That's the question that Wired asked last month, and it's important to consider because even as a truckload of ed tech folks are "predicting" (aka "marketing") a future in which ed tech is awash in shiny Artificial Intelligence features that read students minds and develop instantaneous perfectly personalized instructional materials. Why is it, do you supposed, that AI is being thrust at education even as private industry is slow to embrace it?
Adoption was heavily tilted toward big companies, aka companies that can afford to buy shiny things that may or may not actually work, aka companies where the distance between those who buy the stuff and those who use the stuff is the greatest.
Another finding of the study is that, shockingly, that many previous "estimates" of AI use were seriously overstated. For instance, consulting giant McKinsey (a company that has steamy dreams about computerized classrooms) claimed that 30% of executives were piloting some AI. Of course, to do that kind of survey, you have to talk only to companies that have "executives" and not just an owner or a boss.
Wired doesn't really doesn't have an answer. It offers a charming contrast between a big-time beer brewing corporation that uses an AI algorithm to monitor its filtration process, and a small beer company where "We sit around tasting beer and thinking about what to make next."
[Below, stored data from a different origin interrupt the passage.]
lemma exists_hard_digraph:
  fixes n D :: nat
  assumes n: "1 \<le> n" and D: "1 \<le> D" "real D \<le> real n powr (1/4)"
  shows "\<exists>(V::nat set) E. digraph V E \<and> real n \<le> real (card V) \<and> real (card V) \<le> 4 * real n \<and>
    diam V E = enat D \<and>
    (\<forall>E' \<subseteq> E. (\<exists>k. diam V E' = enat k \<and> real k < 3/2 * real D - 1) \<longrightarrow>
      1/4 * real n powr (3/2) \<le> real (card E'))"
proof (cases "D \<le> 2")
  case True
  then obtain V :: "nat set" and E where G: "digraph V E" "card V = n + 2" "diam V E = enat D"
    using exists_digraph_diam_le_2 n D(1) by blast
  have "\<not> real k < 3/2 * real D - 1" if "E' \<subseteq> E" "diam V E' = enat k" for E' k
  proof -
    have "D \<le> k"
      using diam_antimono[OF that(1), of V] G(3) that(2) by simp
    with True show ?thesis
      by simp
  qed
  then show ?thesis
    using G n by (intro exI[of _ V] exI[of _ E]) auto
next
  case False
  define m where "m = n div (D + 1) + 1"
  obtain V :: "nat set" and E where G: "digraph V E" "n \<le> card V" "card V \<le> n + 2 * D + 1"
    "diam V E = enat D"
    and sparse: "\<And>E' k. E' \<subseteq> E \<Longrightarrow> diam V E' = enat k \<Longrightarrow> 2 * k + 2 < 3 * D \<Longrightarrow> m * m \<le> card E'"
    using exists_hub_digraph[of D n] False unfolding m_def by auto
  have "real D \<le> real n"
    using D(2) powr_mono[of "1/4" 1 "real n"] n by simp
  then have "real (card V) \<le> 4 * real n"
    using G(3) n by linarith
  moreover have "1/4 * real n powr (3/2) \<le> real (card E')"
    if "E' \<subseteq> E" "diam V E' = enat k" "real k < 3/2 * real D - 1" for E' k
  proof -
    have "n \<le> m * (D + 1)"
      using dividend_less_div_times[of "D + 1" n] by (simp add: m_def)
    then have "real n powr (3/2) \<le> 4 * real (m * m)"
      by (rule powr_three_halves_le_square[OF n D])
    moreover have "real (m * m) \<le> real (card E')"
      using that by (intro of_nat_mono sparse) auto
    ultimately show ?thesis
      by linarith
  qed
  ultimately show ?thesis
    using G by (intro exI[of _ V] exI[of _ E]) auto
qed

theorem theorem1p1:
  shows "\<exists>c1 c2 c3 :: real. c1 > 0 \<and> c2 > 0 \<and> c3 > 0 \<and>
    (\<forall>(n::nat) (D::nat). n \<ge> 1 \<longrightarrow> D \<ge> 1 \<longrightarrow> real D \<le> real n powr (1/4) \<longrightarrow>
      (\<exists>(V::nat set) E. digraph V E \<and>
         c1 * real n \<le> real (card V) \<and> real (card V) \<le> c2 * real n \<and>
         diam V E = enat D \<and>
         (\<forall>E'. E' \<subseteq> E \<longrightarrow>
            (\<exists>k. diam V E' = enat k \<and> real k < 3/2 * real D - 1) \<longrightarrow>
            real (card E') \<ge> c3 * real n powr (3/2))))"
  using exists_hard_digraph by (intro exI[of _ 1] exI[of _ 4] exI[of _ "1/4"]) auto

end
(* Let $I,S\ge 0$ be integers and consider the pairing process described in the context. If $j>\lfloor I/2\rfloor$ or $j<L(I,S)$, then no possible wiring has exactly $j$ bb-pairings. If $L(I,S)\le j\le\lfloor I/2\rfloor$, then every possible wiring with exactly $j$ bb-pairings occurs with probability $$\prod_{k=0}^{I-j-1-z}\frac{1}{I+S-1-2k},$$ where $z=1$ if $(I,S,j)$ is in the dagger case and $z=0$ otherwise.
   Context: Pairing process: there are $I$ infected devices $b_1,\dots,b_I$ and $S$ clean devices $w_1,\dots,w_S$. For $t=1,\dots,I$ in this order: if $b_t$ is not yet paired and at least one device other than $b_t$ is not yet paired, then $b_t$ chooses one of the currently unpaired devices other than itself uniformly at random, independently of previous choices, and becomes paired with it; otherwise $b_t$ does nothing. Each device belongs to at most one pair. The wiring is the final set of pairs; a bb-pairing is a pair consisting of two infected devices; a wiring is possible if it occurs with positive probability. $L(I,S)=0$ if $I\le S$; $L(I,S)=\frac{I-S}{2}$ if $I>S$ and $I-S$ is even; $L(I,S)=\frac{I-S-1}{2}$ if $I>S$ and $I-S$ is odd. $(I,S,j)$ is in the dagger case if $I>S$, $I+S$ is odd and $j=\frac{I-S-1}{2}$. *)

theory Defs
  imports "HOL-Probability.Probability"
begin

text \<open>Devices are the natural numbers 0,...,I+S-1. Infected device b_(t+1) is the
number t (t < I); clean devices are I,...,I+S-1. A wiring is a set of pairs,
each pair being a two-element set of devices.\<close>

definition unpaired :: "nat \<Rightarrow> nat \<Rightarrow> nat set set \<Rightarrow> nat \<Rightarrow> nat set" where
  "unpaired I S W t = {u. u < I + S \<and> u \<noteq> t \<and> u \<notin> \<Union>W}"

definition step :: "nat \<Rightarrow> nat \<Rightarrow> nat \<Rightarrow> nat set set \<Rightarrow> nat set set pmf" where
  "step I S t W =
     (if t \<notin> \<Union>W \<and> unpaired I S W t \<noteq> {}
      then map_pmf (\<lambda>u. insert {t, u} W) (pmf_of_set (unpaired I S W t))
      else return_pmf W)"

definition wiring_pmf :: "nat \<Rightarrow> nat \<Rightarrow> nat set set pmf" where
  "wiring_pmf I S = foldl (\<lambda>p t. bind_pmf p (step I S t)) (return_pmf {}) [0..<I]"

definition possible_wiring :: "nat \<Rightarrow> nat \<Rightarrow> nat set set \<Rightarrow> bool" where
  "possible_wiring I S W \<longleftrightarrow> pmf (wiring_pmf I S) W > 0"

definition bb_count :: "nat \<Rightarrow> nat set set \<Rightarrow> nat" where
  "bb_count I W = card {p \<in> W. p \<subseteq> {0..<I}}"

definition L :: "nat \<Rightarrow> nat \<Rightarrow> nat" where
  "L I S = (if I \<le> S then 0
            else if even (I - S) then (I - S) div 2 else (I - S - 1) div 2)"

definition dagger :: "nat \<Rightarrow> nat \<Rightarrow> nat \<Rightarrow> bool" where
  "dagger I S j \<longleftrightarrow> I > S \<and> odd (I + S) \<and> 2 * j + 1 = I - S"

end

theory Submission
  imports Defs
begin

text \<open>After the first \<open>t\<close> infected devices have acted, a reachable wiring consists of
  disjoint pairs, each created by its smaller member, an infected device below \<open>t\<close>; and an
  earlier device that stayed unpaired found no free partner, so all other devices are paired.
  The pair created at step \<open>t\<close> is the one whose minimum is \<open>t\<close>, so removing it recovers the
  previous wiring: every reachable wiring has a single history. When a pair is added to a
  wiring with \<open>m\<close> pairs, exactly \<open>I + S - 1 - 2m\<close> devices were free, so a reachable wiring
  with \<open>m\<close> pairs has probability \<open>\<Prod>k<m. 1 / (I + S - 1 - 2k)\<close>. Finally, a complete
  wiring with \<open>m\<close> pairs, \<open>j\<close> of them bb, pairs \<open>m + j\<close> infected and \<open>m - j\<close> clean
  devices; either all infected devices are paired, or one is not and then all clean ones are.
  This determines \<open>m\<close> from \<open>j\<close>, and the second alternative is the dagger case.\<close>

definition partial_wiring :: "nat \<Rightarrow> nat \<Rightarrow> nat \<Rightarrow> nat set set \<Rightarrow> bool" where
  "partial_wiring I S t W \<longleftrightarrow>
     (\<forall>p\<in>W. \<exists>a b. p = {a, b} \<and> a < b \<and> a < t \<and> b < I + S) \<and>
     (\<forall>p\<in>W. \<forall>q\<in>W. p \<noteq> q \<longrightarrow> p \<inter> q = {}) \<and>
     (\<forall>a<t. a \<notin> \<Union>W \<longrightarrow> {..<I + S} - {a} \<subseteq> \<Union>W)"

lemma partial_wiringI:
  assumes "\<And>p. p \<in> W \<Longrightarrow> \<exists>a b. p = {a, b} \<and> a < b \<and> a < t \<and> b < I + S"
    and "\<And>p q. p \<in> W \<Longrightarrow> q \<in> W \<Longrightarrow> p \<noteq> q \<Longrightarrow> p \<inter> q = {}"
    and "\<And>a. a < t \<Longrightarrow> a \<notin> \<Union>W \<Longrightarrow> {..<I + S} - {a} \<subseteq> \<Union>W"
  shows "partial_wiring I S t W"
  unfolding partial_wiring_def using assms by (intro conjI ballI allI impI)
(* Let $D$ be a division algebra and let $S$ be a ring extension of $D$ which is automorphically normalizable over $D$. If $S$ is a division algebra, then $S$ is finitely generated as a left $D$-module.
   Context: All rings are associative with unity. For a ring $S\supseteq D$, $a\in S$ is automorphic over $D$ with respect to $\tau\in\mathrm{Aut}(D)$ if $ab=\tau(b)a$ for all $b\in D$. Commuting $a_1,\ldots,a_m\in S$ are (left) algebraically independent over $D$ if the monomials $a_1^{i_1}\cdots a_m^{i_m}$ are left linearly independent over $D$. $S$ is automorphically normalizable over $D$ if there exist $m\ge0$ and commuting $a_1,\ldots,a_m\in S$, automorphic over $D$ with respect to pairwise commuting automorphisms $\tau_1,\ldots,\tau_m$ of $D$, left algebraically independent over $D$, such that $S$ is finitely generated as a left module over the subring $D[a_1,\ldots,a_m]$ generated by $D\cup\{a_1,\ldots,a_m\}$. *)

theory Defs
  imports Main
begin

text \<open>All structures live inside one ambient ring, the type 'a; the ring S is UNIV.\<close>

definition subdivring :: "'a::division_ring set \<Rightarrow> bool" where
  "subdivring D \<longleftrightarrow> 0 \<in> D \<and> 1 \<in> D \<and>
     (\<forall>x\<in>D. \<forall>y\<in>D. x + y \<in> D \<and> x * y \<in> D) \<and>
     (\<forall>x\<in>D. - x \<in> D) \<and> (\<forall>x\<in>D. x \<noteq> 0 \<longrightarrow> inverse x \<in> D)"

definition ring_aut_on :: "'a::ring_1 set \<Rightarrow> ('a \<Rightarrow> 'a) \<Rightarrow> bool" where
  "ring_aut_on D \<tau> \<longleftrightarrow> bij_betw \<tau> D D \<and> \<tau> 1 = 1 \<and>
     (\<forall>x\<in>D. \<forall>y\<in>D. \<tau> (x + y) = \<tau> x + \<tau> y \<and> \<tau> (x * y) = \<tau> x * \<tau> y)"

definition automorphic :: "'a::ring_1 set \<Rightarrow> ('a \<Rightarrow> 'a) \<Rightarrow> 'a \<Rightarrow> bool" where
  "automorphic D \<tau> a \<longleftrightarrow> (\<forall>b\<in>D. a * b = \<tau> b * a)"

definition expvecs :: "nat \<Rightarrow> (nat \<Rightarrow> nat) set" where
  "expvecs m = {e. \<forall>k. m \<le> k \<longrightarrow> e k = 0}"

definition monom :: "(nat \<Rightarrow> 'a::ring_1) \<Rightarrow> nat \<Rightarrow> (nat \<Rightarrow> nat) \<Rightarrow> 'a" where
  "monom a m e = foldr (\<lambda>k p. a k ^ e k * p) [0..<m] 1"

definition left_alg_indep :: "'a::ring_1 set \<Rightarrow> (nat \<Rightarrow> 'a) \<Rightarrow> nat \<Rightarrow> bool" where
  "left_alg_indep D a m \<longleftrightarrow>
     (\<forall>E c. finite E \<and> E \<subseteq> expvecs m \<and> (\<forall>e\<in>E. c e \<in> D) \<and>
            (\<Sum>e\<in>E. c e * monom a m e) = 0 \<longrightarrow> (\<forall>e\<in>E. c e = 0))"

inductive_set gen_subring :: "'a::ring_1 set \<Rightarrow> 'a set" for X where
  gen_base: "x \<in> X \<Longrightarrow> x \<in> gen_subring X"
| gen_zero: "0 \<in> gen_subring X"
| gen_one: "1 \<in> gen_subring X"
| gen_add: "x \<in> gen_subring X \<Longrightarrow> y \<in> gen_subring X \<Longrightarrow> x + y \<in> gen_subring X"
| gen_neg: "x \<in> gen_subring X \<Longrightarrow> - x \<in> gen_subring X"
| gen_mult: "x \<in> gen_subring X \<Longrightarrow> y \<in> gen_subring X \<Longrightarrow> x * y \<in> gen_subring X"

definition fin_gen_left_module :: "'a::ring_1 set \<Rightarrow> bool" where
  "fin_gen_left_module R \<longleftrightarrow>
     (\<exists>F. finite F \<and> (\<forall>s. \<exists>r. (\<forall>f\<in>F. r f \<in> R) \<and> s = (\<Sum>f\<in>F. r f * f)))"

definition automorphically_normalizable :: "'a::ring_1 set \<Rightarrow> bool" where
  "automorphically_normalizable D \<longleftrightarrow>
     (\<exists>m a \<tau>.
        (\<forall>i<m. \<forall>j<m. a i * a j = a j * a i) \<and>
        (\<forall>i<m. ring_aut_on D (\<tau> i) \<and> automorphic D (\<tau> i) (a i)) \<and>
        (\<forall>i<m. \<forall>j<m. \<forall>x\<in>D. \<tau> i (\<tau> j x) = \<tau> j (\<tau> i x)) \<and>
        left_alg_indep D a m \<and>
        fin_gen_left_module (gen_subring (D \<union> a ` {..<m})))"

end

(*
  Let m > 0, t = a 0, u = inverse t and R = D[a 0, ..., a (m - 1)]. As S is a finitely generated left
  R-module and R is spanned over D by monomials with x^d b = twist d b x^d, ascending chains of left
  R-submodules of S stabilise: pull the chain back to coefficient vectors over the skew polynomial
  ring; in a strictly increasing chain choose new elements w n with minimal leading terms; Dickson's
  lemma gives p < q such that the leading term of w p divides that of w q, and cancelling it from w q
  produces a new element of smaller leading term. For the chain R + R u + ... + R u^(n - 1) this makes
  u integral over R, so u lies in R. But a 0 * r = 1 has no solution r in R: the left algebraic
  independence of the monomials lets one compare constant coefficients. Hence m = 0 and R = D.
*)

theory Submission
  imports Defs "HOL-Library.Function_Algebras" "HOL-Library.Fun_Lexorder" "HOL-Library.Infinite_Set"
begin

section \<open>Exponent vectors, the term order and Dickson's lemma\<close>

lemma expvecs_add: "d \<in> expvecs m \<Longrightarrow> e \<in> expvecs m \<Longrightarrow> d + e \<in> expvecs m"
  by (simp add: expvecs_def)

lemma expvecs_diff: "e \<in> expvecs m \<Longrightarrow> e - d \<in> expvecs m"
  by (simp add: expvecs_def)

lemma zero_in_expvecs: "0 \<in> expvecs m"
  by (simp add: expvecs_def)

lemma fun_upd_in_expvecs: "i < m \<Longrightarrow> 0(i := s) \<in> expvecs m"
  by (simp add: expvecs_def)

lemma le_add_fun: "d \<le> d + (e :: 'b \<Rightarrow> nat)"
  by (simp add: le_fun_def)

lemma add_diff_fun: "d \<le> e \<Longrightarrow> d + (e - d) = (e :: 'b \<Rightarrow> nat)"
  by (simp add: le_fun_def fun_eq_iff)

lemma less_fun_add_left: "less_fun e e' \<Longrightarrow> less_fun (d + e) (d + (e' :: nat \<Rightarrow> nat))"
  unfolding less_fun_def by auto

lemma lex_map_upt_if_less_fun:
  assumes "e \<in> expvecs m" "e' \<in> expvecs m" "less_fun e e'"
  shows "(map e [0..<m], map e' [0..<m]) \<in> lex less_than"
proof -
  obtain i where i: "e i < e' i" "\<And>i'. i' < i \<Longrightarrow> e i' = e' i'"
    using assms(3) unfolding less_fun_def by blast
  have "i < m"
    using i(1) assms(1,2) unfolding expvecs_def by (cases "m \<le> i") auto
  moreover have "take i (map e [0..<m]) = take i (map e' [0..<m])"
    using i(2) \<open>i < m\<close> by (simp add: take_map)
  ultimately show ?thesis
    unfolding lexord_lex lexord_take_index_conv using i(1) by (intro conjI disjI2 exI[of _ i]) simp_all
qed

text \<open>A term \<open>(j, e)\<close> stands for the monomial \<open>x\<^sup>e\<close> in coordinate \<open>j\<close>; \<open>term_less\<close> is the
  position-over-term lexicographic order.\<close>

definition term_less :: "nat \<times> (nat \<Rightarrow> nat) \<Rightarrow> nat \<times> (nat \<Rightarrow> nat) \<Rightarrow> bool" where
  "term_less x y \<longleftrightarrow> fst x < fst y \<or> fst x = fst y \<and> less_fun (snd x) (snd y)"

lemma term_less_trans: "term_less x y \<Longrightarrow> term_less y z \<Longrightarrow> term_less x z"
  unfolding term_less_def using less_fun_trans by auto

lemma term_less_linear:
  assumes "snd x \<in> expvecs m" "snd y \<in> expvecs m"
  shows "x = y \<or> term_less x y \<or> term_less y x"
proof -
  have "{i. snd x i \<noteq> snd y i} \<subseteq> {..<m}"
  proof
    fix i
    assume "i \<in> {i. snd x i \<noteq> snd y i}"
    with assms show "i \<in> {..<m}"
      unfolding expvecs_def by (cases "m \<le> i") auto
  qed
  then have "finite {i. snd x i \<noteq> snd y i}"
    by (rule finite_subset) simp
  then show ?thesis
    using less_fun_trichotomy unfolding term_less_def by (cases x, cases y) auto
qed

lemma term_less_add_left: "term_less (j, e) (j', e') \<Longrightarrow> term_less (j, d + e) (j', d + e')"
  unfolding term_less_def using less_fun_add_left by auto

lemma wf_term_less: "wf {(x, y). snd x \<in> expvecs m \<and> snd y \<in> expvecs m \<and> term_less x y}"
proof (rule wf_subset)
  show "wf (inv_image (less_than <*lex*> lex less_than) (\<lambda>(j, e). (j, map e [0..<m])))"
    by (intro wf_inv_image wf_lex_prod wf_lex wf_less_than)
  show "{(x, y). snd x \<in> expvecs m \<and> snd y \<in> expvecs m \<and> term_less x y}
      \<subseteq> inv_image (less_than <*lex*> lex less_than) (\<lambda>(j, e). (j, map e [0..<m]))"
    using lex_map_upt_if_less_fun unfolding term_less_def by auto
qed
But perhaps AI isn't more widespread because it doesn't work all that well. "AI" often just means "complicated algorithm," and that algorithm has been written by a human--most often, a human with a computer background and not a background in the field being affected.
This leads to problems like the widely noted tendency of AI to be racist--the attitudes and biases or programmers are transferred directly into the programs that they write.
So do their other failings. In her "Introduction to Artificial Intelligence in Education," Sarah Hampton offers some examples of what is or is not an AI program. In the "is" column we find Grammarly. The thing about Grammarly, though, is that this software that is supposed to magically offer useful editorial guidance for your writing--well, it's not very good at its job. In fact, one question that Wired didn't ask was about the success of the companies that did use AI, but consider this report that 1 in 4 AI projects fail. You can surf the net reading about AI failures all day. And some of them have really serious consequences (like being jailed because of a botched AI facial identification).
The answer to the Wired question is twofold. AI isn't more widely used because 1) it doesn't do anything that can't be done as well (often at lower cost) by actual expert humans and 2) because much of what it does, it doesn't do very well. Despite its many, many, many unfulfilled promises, AI continues to be boosted mostly by people who want to make money from it, and not by the people who actually have to work with it. Yes, AI fans, including those in ed tech, will continue to make shiny promises based on what the program would do if it worked perfectly to achieve what its designers imagined it would do in a perfect world, but that's a vision from some other world. In this world, AI still has little to offer the classroom teacher.